Hinds County Sheriff Tyree Jones declined to comment on the conditions, citing pending litigation and the incoming receivership.
“There’s nothing clean about that place,” said Tedrick Francois, who spent two weeks in jail this summer, after being arrested for allegedly attempting to deposit the same checks more than once. He was first held for hours in a dark holding cell with about 20 others. He remembers a broken toilet overflowing and spilling human waste onto the floor. His housing unit had one functioning shower, the monitoring report found.
Reports by court-appointed monitors say the jail is severely understaffed, with 71 corrections officers, about one-third of the number necessary to operate the facility. In the gaps, incarcerated people take control. “Pod bosses” control the distribution of food, hygiene products, and in some cases, who gets a cell, the monitors found.

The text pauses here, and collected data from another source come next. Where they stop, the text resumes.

lemma gegenbauer_1: "gegenbauer mu 1 x = 2 * mu * x"
  using gegenbauer_gf_ode[of x 0 mu]
  by (simp add: gegenbauer_eq_gf_deriv gegenbauer_gf_deriv_def gegenbauer_quad_def)

lemma gegenbauer_rec:
  "(real n + 2) * gegenbauer mu (n+2) x
     = 2 * x * (real n + 1 + mu) * gegenbauer mu (n+1) x - (real n + 2*mu) * gegenbauer mu n x"
proof -
  let ?D = "\<lambda>k. gegenbauer_gf_deriv mu x k 0"
  have rec: "?D (n+2) = 2 * x * (real n + 1 + mu) * ?D (n+1) - (real n + 1) * (real n + 2*mu) * ?D n"
    using gegenbauer_gf_deriv_rec[of x 0 mu n] by (simp add: gegenbauer_quad_def algebra_simps)
  have C: "gegenbauer mu (n+2) x = ?D (n+2) / ((real n + 2) * (real n + 1) * fact n)"
    "gegenbauer mu (n+1) x = ?D (n+1) / ((real n + 1) * fact n)"
    "gegenbauer mu n x = ?D n / fact n"
    by (simp_all add: gegenbauer_eq_gf_deriv algebra_simps)
  have "(N + 2) * ((2 * x * (N + 1 + mu) * D1 - (N + 1) * (N + 2*mu) * D0) / ((N + 2) * (N + 1) * F))
      = 2 * x * (N + 1 + mu) * (D1 / ((N + 1) * F)) - (N + 2*mu) * (D0 / F)"
    if "F \<noteq> 0" "N \<ge> 0" for N F D0 D1 :: real
  proof -
    have "N + 1 \<noteq> 0" "N + 2 \<noteq> 0"
      using that(2) by linarith+
    with that(1) show ?thesis
      by (simp add: divide_simps)
  qed
  then show ?thesis
    unfolding C rec by simp
qed

lemma gegenbauer_unique:
  assumes "h 0 = 1" and "h 1 = 2 * mu * x"
    and "\<And>n. (real n + 2) * h (n+2) = 2 * x * (real n + 1 + mu) * h (n+1) - (real n + 2*mu) * h n"
  shows "h n = gegenbauer mu n x"
proof -
  have "h n = gegenbauer mu n x \<and> h (n+1) = gegenbauer mu (n+1) x"
  proof (induction n)
    case 0
    then show ?case
      using assms(1,2) gegenbauer_1 by simp
  next
    case (Suc n)
    have "(real n + 2) * h (n+2) = (real n + 2) * gegenbauer mu (n+2) x"
      using assms(3)[of n] gegenbauer_rec[of n mu x] Suc by simp
    with Suc show ?case
      by simp
  qed
  then show ?thesis ..
qed

lemma gegenbauer_minus: "gegenbauer mu n (-x) = (-1)^n * gegenbauer mu n x"
proof -
  have "(-1)^n * gegenbauer mu n (-x) = gegenbauer mu n x"
  proof (rule gegenbauer_unique)
    show "(-1)^1 * gegenbauer mu 1 (-x) = 2 * mu * x"
      using gegenbauer_1[of mu "-x"] by simp
    show "(real n + 2) * ((-1)^(n+2) * gegenbauer mu (n+2) (-x))
        = 2 * x * (real n + 1 + mu) * ((-1)^(n+1) * gegenbauer mu (n+1) (-x))
          - (real n + 2*mu) * ((-1)^n * gegenbauer mu n (-x))" for n
      using arg_cong[OF gegenbauer_rec[of n mu "-x"], of "\<lambda>t. (-1)^n * t"]
      by (simp add: algebra_simps)
  qed simp
  then have "(-1)^n * ((-1)^n * gegenbauer mu n (-x)) = (-1)^n * gegenbauer mu n x"
    by simp
  then show ?thesis
    by (simp add: mult.assoc[symmetric] flip: power_mult_distrib)
qed

section \<open>Expansion about x = 1\<close>

text \<open>The coefficient of (1 - x)^k in C^\<mu>_n(x).  The Pochhammer symbol (-n)_k stands in for
  (-1)^k n!/(n - k)!, so the coefficient vanishes for k > n without truncated subtraction.\<close>

definition gegenbauer_coeff :: "real \<Rightarrow> nat \<Rightarrow> nat \<Rightarrow> real" where
  "gegenbauer_coeff mu n k =
     pochhammer (- real n) k * pochhammer (2*mu) (n + k)
       / (fact n * fact k * pochhammer (mu + 1/2) k * 2^k)"

lemma gegenbauer_coeff_eq_0: "n < k \<Longrightarrow> gegenbauer_coeff mu n k = 0"
  by (simp add: gegenbauer_coeff_def pochhammer_of_nat_eq_0_lemma)

lemma gegenbauer_coeff_0: "gegenbauer_coeff mu n 0 = pochhammer (2*mu) n / fact n"
  by (simp add: gegenbauer_coeff_def)

lemma gegenbauer_coeff_rec_0:
  "(real n + 2) * gegenbauer_coeff mu (n+2) 0
     = 2 * (real n + 1 + mu) * gegenbauer_coeff mu (n+1) 0 - (real n + 2*mu) * gegenbauer_coeff mu n 0"
proof -
  have "pochhammer (2*mu) (n+2) = pochhammer (2*mu) n * (2*mu + real n) * (2*mu + real n + 1)"
    "pochhammer (2*mu) (n+1) = pochhammer (2*mu) n * (2*mu + real n)"
    "fact (n+2) = (real n + 2) * (real n + 1) * fact n"
    "fact (n+1) = (real n + 1) * fact n"
    by (simp_all add: pochhammer_rec' algebra_simps)
  then show ?thesis
    by (simp add: gegenbauer_coeff_0 divide_simps) (simp add: algebra_simps)
qed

“For the most part, there are no rules,” Francois said. “It’s the wild, wild west in there.”
To use the bathroom, D’Juanya Carter had to pay people in cells with toilets using snacks and bars of soap, his mother, Nicole Shelton, told The Marshall Project. Carter is currently incarcerated, awaiting trial for a murder charge. Shelton said she spent about $50 each week on commissary items. She said her son has irritable bowel syndrome, and as a result, often has to purchase more toilet paper in addition to the one roll he is supposed to be provided each week. His hygiene products are sometimes stolen or taken away by corrections officers in shakedowns, she said.
“I know that they’re in jail, but they are human beings, and they deserve at least basic care,” Shelton said. “I refuse to let my son be a casualty of war.”
Court documents show multiple examples of the system of exploitation that pervades the facility. In one case, two incarcerated people in the jail’s isolation unit were discovered underweight and covered in feces, as the “pod bosses” in control denied them food. In another case, a man was assaulted after urinating in the shower because he refused to pay to use someone’s toilet. Another defecated in the showers for the same reason.
Francois said the two weeks he spent in the jail and seeing how detainees were treated without dignity was not only dehumanizing, but desensitizing.
“You grow numb,” he said. “If you’re in there long enough, I can see how quickly you become an animal or a person who doesn’t care as much about people as you did when you went in there.”